Zinc inhibits collagen synthesis and decreases hepatic fibrosis in animal models. As a cofactor for superoxide dismutase, zinc may help to scavenge superoxide radicals. Zinc also impairs copper absorption. Zinc may therefore be useful for dogs with chronic hepatitis with moderate fibrosis, especially if mild to moderately increased copper is present. The empirical dosage is 15 mg/kg of elemental zinc per day. The goal is for serum zinc levels of 200–500 µg/dl (2–5 µg/ml). Zinc should ideally be given on an empty stomach (1 hour before or after a meal). I prefer to add zinc in as a single drug after stabilisation of the dog with hepatoprotective agents and glucocorticoids (if indicated). Formulations include: MarinTM: 45 mg of zinc per tablet (1–2 mg/kg of elemental zinc at label dose); zinc gluconate (14.3% zinc); and zinc acetate (35% zinc; no commercial product but may cause less gastrointestinal upset than sulfate or gluconate forms). Haemolysis can occur if serum zinc exceeds 1000 µg/dl.

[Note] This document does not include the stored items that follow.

lemma prime_root_of_unity_power_eq_1_iff:
  fixes \<omega> :: "'a::field"
  assumes "prime p" "\<omega> ^ p = 1" "\<omega> \<noteq> 1"
  shows "\<omega> ^ m = 1 \<longleftrightarrow> p dvd m"
proof
  assume "\<omega> ^ m = 1"
  show "p dvd m"
  proof (rule ccontr)
    assume "\<not> p dvd m"
    then have "m \<noteq> 0" "coprime m p"
      using assms(1) prime_imp_coprime coprime_commute by (metis dvd_0_right)+
    then obtain x y where "m * x = p * y + 1"
      using bezout_nat[of m p] by auto
    then have "\<omega> ^ (m * x) = \<omega> ^ (p * y) * \<omega>"
      by (simp add: power_add)
    with \<open>\<omega> ^ m = 1\<close> assms(2,3) show False
      by (simp add: power_mult)
  qed
qed (use assms(2) in \<open>auto simp: power_mult\<close>)

lemma prime_root_of_unity_power_eq_iff:
  fixes \<omega> :: "'a::field"
  assumes "prime p" "\<omega> ^ p = 1" "\<omega> \<noteq> 1"
  shows "\<omega> ^ m = \<omega> ^ k \<longleftrightarrow> [m = k] (mod p)"
proof -
  have "\<omega> \<noteq> 0"
    using assms(1,2) prime_gt_0_nat by (auto simp: power_0_left)
  have ordered: "\<omega> ^ m = \<omega> ^ k \<longleftrightarrow> [m = k] (mod p)" if "m \<le> k" for m k
  proof -
    have "\<omega> ^ k = \<omega> ^ m * \<omega> ^ (k - m)"
      using that by (simp flip: power_add)
    then have "\<omega> ^ m = \<omega> ^ k \<longleftrightarrow> \<omega> ^ (k - m) = 1"
      using \<open>\<omega> \<noteq> 0\<close> by auto
    also have "\<dots> \<longleftrightarrow> [k = m] (mod p)"
      using prime_root_of_unity_power_eq_1_iff[OF assms] cong_diff_iff_cong_0_nat[OF that]
      by (simp add: cong_0_iff)
    finally show ?thesis
      by (simp add: cong_sym_eq)
  qed
  show ?thesis
    using ordered[of m k] ordered[of k m] by (cases "m \<le> k") (auto simp: cong_sym_eq)
qed

lemma prime_root_of_unity_minor_2_nonzero:
  fixes \<omega> :: "'a::field"
  assumes "prime p" "\<omega> ^ p = 1" "\<omega> \<noteq> 1"
    and "r1 < p" "r2 < p" "r1 \<noteq> r2" "c1 < p" "c2 < p" "c1 \<noteq> c2"
  shows "\<omega> ^ (r1 * c1) * \<omega> ^ (r2 * c2) \<noteq> \<omega> ^ (r2 * c1) * \<omega> ^ (r1 * c2)"
proof
  assume "\<omega> ^ (r1 * c1) * \<omega> ^ (r2 * c2) = \<omega> ^ (r2 * c1) * \<omega> ^ (r1 * c2)"
  then have "\<omega> ^ (r1 * c1 + r2 * c2) = \<omega> ^ (r2 * c1 + r1 * c2)"
    by (simp add: power_add)
  then have "[r1 * c1 + r2 * c2 = r2 * c1 + r1 * c2] (mod p)"
    using prime_root_of_unity_power_eq_iff[OF assms(1-3)] by blast
  then have "int p dvd (int r1 - int r2) * (int c1 - int c2)"
    by (simp flip: cong_int_iff add: cong_iff_dvd_diff algebra_simps)
  then have "int p dvd int r1 - int r2 \<or> int p dvd int c1 - int c2"
    using assms(1) by (simp add: prime_dvd_mult_iff)
  moreover have "\<not> int p dvd int a - int b" if "a < p" "b < p" "a \<noteq> b" for a b
    using that dvd_imp_le_int[of "int a - int b" "int p"] by auto
  ultimately show False
    using assms(4-9) by blast
qed

definition dft :: "nat \<Rightarrow> 'a::field \<Rightarrow> (nat \<Rightarrow> 'a) \<Rightarrow> nat \<Rightarrow> 'a" where
  "dft p \<omega> x i = (\<Sum>k<p. \<omega> ^ (i * k) * x k)"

A recent study in Labrador Retrievers in the Netherlands found that zinc did not increase the effectiveness of a low copper diet (Royal Canine Hepatic LS) in reducing liver copper concentrations in dogs with copper-associated hepatopathy that had been pretreated with D-penicillamine. No other efficacy studies have been performed for zinc.

Colchicine decreases collagen synthesis. It may be useful in dogs with chronic hepatitis and moderate to severe fibrosis, or with portal hypertension and ascites. There are however no controlled clinical trials of its efficacy in dogs. The dosage in dogs is 0.03 mg/kg orally once daily. Occasional gastrointestinal upset usually responds to a 50% dose reduction. High dosages can cause leucopenia or peripheral neuropathy. Do not use probenecid-containing formulations, which increase the risk of toxicity.

D-penicillamine is primarily a copper chelator, but may also inhibit fibrosis by preventing cross-linking of collagen. It is indicated for copper-associated hepatopathy (Bedlington Terriers, some West Highland White Terriers, Dalmations, some Labrador Retrievers), with quantitative hepatic copper levels > 3000 µg/g (dry matter basis). The recommended dosage is 15 mg/kg twice daily, 30 minutes prior to feeding. It may take several months for decoppering of liver and improvements in ALT. Some clinicians treat with D-penicillamine for 2 months, then switch to zinc. Gastrointestinal upset is also common with D-penicillamine.

Anti-Ulcer Therapy

Empirical anti-ulcer therapy is recommended for all acute and chronic liver disease. Liver disease is a common predisposing factor for gastrointestinal ulceration, due to impaired mucosal blood flow from portal hypertension, bile acid stimulation of gastric acid secretion and possibly decreased hepatic clearance of histamine and active gastrin fragments. Either H2 blockers or pump blockers can be used, although famotidine (1 mg/kg q12h) has minimal drug interactions. The H2 blocker authorised for dogs in the UK is cimetidine.

Management of Hepatic Encephalopathy

A checklist for acute management of hepatic encephalopathy includes:

 Lactulose (orally, or by enema if stupor or seizures).

 No food for 12–24 hours.

 If no response, add metronidazole (15 mg/kg/day orally).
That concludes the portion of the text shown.